I'd take my chances with a "properly trained" AI any day. Problem is, most medical corpus is full of bogus studies that have never been replicated, so it might be close to junk at this stage.
> It will lead to deaths,
regular doctors kill people everyday and get away with it because you accept the risks. What's different?
It's true. Only people like me should be allowed access to LLMs. Folks like you should be protected. Equivalent to accredited investor, there should be a tier of "knowledgeable normal person" who is allowed to do whatever.
That's a fair point. Most programmers are terrible. As a lead programmer I've dealt with countless "programmers" that can not do their job without me spoon-feeding them code.
It seems hopelessly confused, because there are no open source models, only some that allow free redistribution of the model weights. Perhaps they should be called "open" and the word "source" should be dropped.
This is debated until the end of time. Open weights, whatever you want to call it.
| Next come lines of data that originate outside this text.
lemma bform_add_left: "bform d (\<lambda>i. x i + y i) z = bform d x z + bform d y z"
  and bform_add_right: "bform d z (\<lambda>i. x i + y i) = bform d z x + bform d z y"
  and bform_diff_left: "bform d (\<lambda>i. x i - y i) z = bform d x z - bform d y z"
  and bform_diff_right: "bform d z (\<lambda>i. x i - y i) = bform d z x - bform d z y"
  and bform_minus_left: "bform d (\<lambda>i. - x i) z = - bform d x z"
  and bform_minus_right: "bform d z (\<lambda>i. - x i) = - bform d z x"
  and bform_scale_left: "bform d (\<lambda>i. c * x i) z = c * bform d x z"
  and bform_scale_right: "bform d z (\<lambda>i. c * x i) = c * bform d z x"
  and bform_scale_left': "bform d (\<lambda>i. x i * c) z = c * bform d x z"
  and bform_scale_right': "bform d z (\<lambda>i. x i * c) = c * bform d z x"
  and bform_zero_left: "bform d (\<lambda>i. 0) z = 0"
  and bform_zero_right: "bform d z (\<lambda>i. 0) = 0"
  by (simp_all add: bform_def algebra_simps sum.distrib sum_subtractf sum_negf sum_distrib_left)

lemma bform_divide_left: "bform d (\<lambda>i. x i / (c::'a::field)) z = bform d x z / c"
  and bform_divide_right: "bform d z (\<lambda>i. x i / (c::'a::field)) = bform d z x / c"
  by (simp_all add: bform_def sum_divide_distrib add_divide_distrib diff_divide_distrib)

lemmas bform_linear = bform_add_left bform_add_right bform_diff_left bform_diff_right
  bform_minus_left bform_minus_right bform_scale_left bform_scale_right
  bform_scale_left' bform_scale_right' bform_zero_left bform_zero_right
  bform_divide_left bform_divide_right

lemma bform_cvec [simp]: "bform d (cvec x) (cvec y) = complex_of_real (bform d x y)"
  by (simp add: bform_def cvec_def)

lemma cvec_apply [simp]: "cvec x i = complex_of_real (x i)"
  by (simp add: cvec_def)

section \<open>Complex rotations in a positive plane\<close>

definition orthonormal :: "nat \<Rightarrow> (nat \<Rightarrow> real) \<Rightarrow> (nat \<Rightarrow> real) \<Rightarrow> bool" where
  "orthonormal d a b \<longleftrightarrow> bform d a a = 1 \<and> bform d b b = 1 \<and> bform d a b = 0"

(* exp(\<sigma> \<ell>(a \<and> b)) v for orthonormal a, b, see mapp_mexp_ell *)
definition rotation :: "nat \<Rightarrow> complex \<Rightarrow> (nat \<Rightarrow> real) \<Rightarrow> (nat \<Rightarrow> real)
    \<Rightarrow> (nat \<Rightarrow> complex) \<Rightarrow> (nat \<Rightarrow> complex)" where
  "rotation d \<sigma> a b v = (\<lambda>i. v i
     + sin \<sigma> * (cvec a i * bform d (cvec b) v - cvec b i * bform d (cvec a) v)
     - (1 - cos \<sigma>) * (cvec a i * bform d (cvec a) v + cvec b i * bform d (cvec b) v))"

lemma rotation_frame:
  "rotation d \<sigma> a b v = (\<lambda>i. v i
     + (bform d (cvec a) v * (cos \<sigma> - 1) + bform d (cvec b) v * sin \<sigma>) * cvec a i
     + (bform d (cvec b) v * (cos \<sigma> - 1) - bform d (cvec a) v * sin \<sigma>) * cvec b i)"
  unfolding rotation_def by (rule ext) (simp add: algebra_simps)

lemma orthonormal_cvec:
  assumes "orthonormal d a b"
  shows "bform d (cvec a) (cvec a) = 1" "bform d (cvec b) (cvec b) = 1"
    "bform d (cvec a) (cvec b) = 0" "bform d (cvec b) (cvec a) = 0"
  using assms by (simp_all add: orthonormal_def bform_sym[of d b a])

lemma bform_rotation_frame:
  assumes "orthonormal d a b"
  shows "bform d (cvec a) (rotation d \<sigma> a b v)
      = cos \<sigma> * bform d (cvec a) v + sin \<sigma> * bform d (cvec b) v"
    "bform d (cvec b) (rotation d \<sigma> a b v)
      = cos \<sigma> * bform d (cvec b) v - sin \<sigma> * bform d (cvec a) v"
  unfolding rotation_frame by (simp_all only: bform_linear orthonormal_cvec[OF assms])
    (simp_all add: algebra_simps)

lemma rotation_inverse:
  assumes "orthonormal d a b"
  shows "rotation d (- \<sigma>) a b (rotation d \<sigma> a b v) = v"
proof
  fix i
  have "sin \<sigma> * sin \<sigma> + cos \<sigma> * cos \<sigma> = 1"
    using sin_cos_squared_add[of \<sigma>] by (simp add: power2_eq_square)
  then show "rotation d (- \<sigma>) a b (rotation d \<sigma> a b v) i = v i"
    unfolding rotation_frame[of d "- \<sigma>"] bform_rotation_frame[OF assms] sin_minus cos_minus
    unfolding rotation_frame by algebra
qed

lemma bform_rotation:
  assumes "orthonormal d a b"
  shows "bform d (rotation d \<sigma> a b v) (rotation d \<sigma> a b w) = bform d v w"
proof -
  have "sin \<sigma> * sin \<sigma> + cos \<sigma> * cos \<sigma> = 1"
    using sin_cos_squared_add[of \<sigma>] by (simp add: power2_eq_square)
  moreover have "bform d v (cvec a) = bform d (cvec a) v" "bform d v (cvec b) = bform d (cvec b) v"
    by (simp_all add: bform_sym)
  ultimately show ?thesis
    unfolding rotation_frame
    by (simp only: bform_linear orthonormal_cvec[OF assms]) algebra
qed

lemma rotation_vec_sp:
  "a \<in> vec_sp d \<Longrightarrow> b \<in> vec_sp d \<Longrightarrow> v \<in> vec_sp d \<Longrightarrow> rotation d \<sigma> a b v \<in> vec_sp d"
  by (simp add: rotation_def vec_sp_def)

lemma rotation_rotate_frame:
  assumes "\<gamma> * \<gamma> + \<delta> * \<delta> = (1::real)"
  shows "rotation d \<sigma> (\<lambda>i. \<gamma> * a i + \<delta> * b i) (\<lambda>i. \<gamma> * b i - \<delta> * a i) = rotation d \<sigma> a b"
proof (intro ext)
  fix v i
  have frame: "cvec (\<lambda>i. \<gamma> * a i + \<delta> * b i) = (\<lambda>i. of_real \<gamma> * cvec a i + of_real \<delta> * cvec b i)"
    "cvec (\<lambda>i. \<gamma> * b i - \<delta> * a i) = (\<lambda>i. of_real \<gamma> * cvec b i - of_real \<delta> * cvec a i)"
    by (simp_all add: cvec_def)
  have "complex_of_real \<gamma> * of_real \<gamma> + of_real \<delta> * of_real \<delta> = 1"
    using assms by (simp flip: of_real_mult of_real_add)
  then show "rotation d \<sigma> (\<lambda>i. \<gamma> * a i + \<delta> * b i) (\<lambda>i. \<gamma> * b i - \<delta> * a i) v i = rotation d \<sigma> a b v i"
    unfolding rotation_def frame by (simp only: bform_linear) algebra
qed

lemma sin_Re_Im:
  "sin z = complex_of_real (sin (Re z) * cosh (Im z)) + \<i> * complex_of_real (cos (Re z) * sinh (Im z))"
  by (simp add: complex_eq_iff Re_sin Im_sin cosh_def sinh_def)

lemma cos_Re_Im:
  "cos z = complex_of_real (cos (Re z) * cosh (Im z)) - \<i> * complex_of_real (sin (Re z) * sinh (Im z))"
  by (simp add: complex_eq_iff Re_cos Im_cos cosh_def sinh_def field_simps)

lemma rotation_cvec_frame:
  assumes "orthonormal d a b" "bform d a v = 0" "bform d b v = 0"
  shows "rotation d \<sigma> a b (cvec (\<lambda>i. v i + p * a i + q * b i)) = (\<lambda>i. complex_of_real (v i)
    + (of_real p * cos \<sigma> + of_real q * sin \<sigma>) * of_real (a i)
    + (of_real q * cos \<sigma> - of_real p * sin \<sigma>) * of_real (b i))"
proof -
  have "bform d a (\<lambda>i. v i + p * a i + q * b i) = p" "bform d b (\<lambda>i. v i + p * a i + q * b i) = q"
    using assms by (simp_all only: bform_linear orthonormal_def bform_sym[of d b a])
  then show ?thesis
    unfolding rotation_frame by (intro ext) (simp add: algebra_simps)
qed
Essentially people and companies can use LLama 2 commercially as long as you have less than 700m MAUs if I recall correctly.
Very brief summary of the paper: there aren't any new technical ideas here, just finetuning a 70B model on curated medical papers, using self-consistency CoT sampling.
Results: @70B: Better than GPT3.5, better than non-fine tuned Llama, worse than GPT-4.
70B gets a human passing score on MedQA. (Passing: 60, Medtron: 64.4, GPT-3.5: 47, GPT-4: 78.6).
TLDR: Interesting, not crazy revolutionary, almost certainly needs more training, stick with GPT-4 for your free unlicensed dangerous AI doctor needs
I’ve run into people on this very site who use LLMs as a doctor, asking it medical questions and following its advice.
The same LLMs that hallucinate court cases when asked about law.
The same LLMs that can’t perform basic arithmetic in a reliable fashion.
The same LLMs that can’t process internally consistent logic.
People are following the medical “advice” that comes out of these things. It will lead to deaths, no questions asked.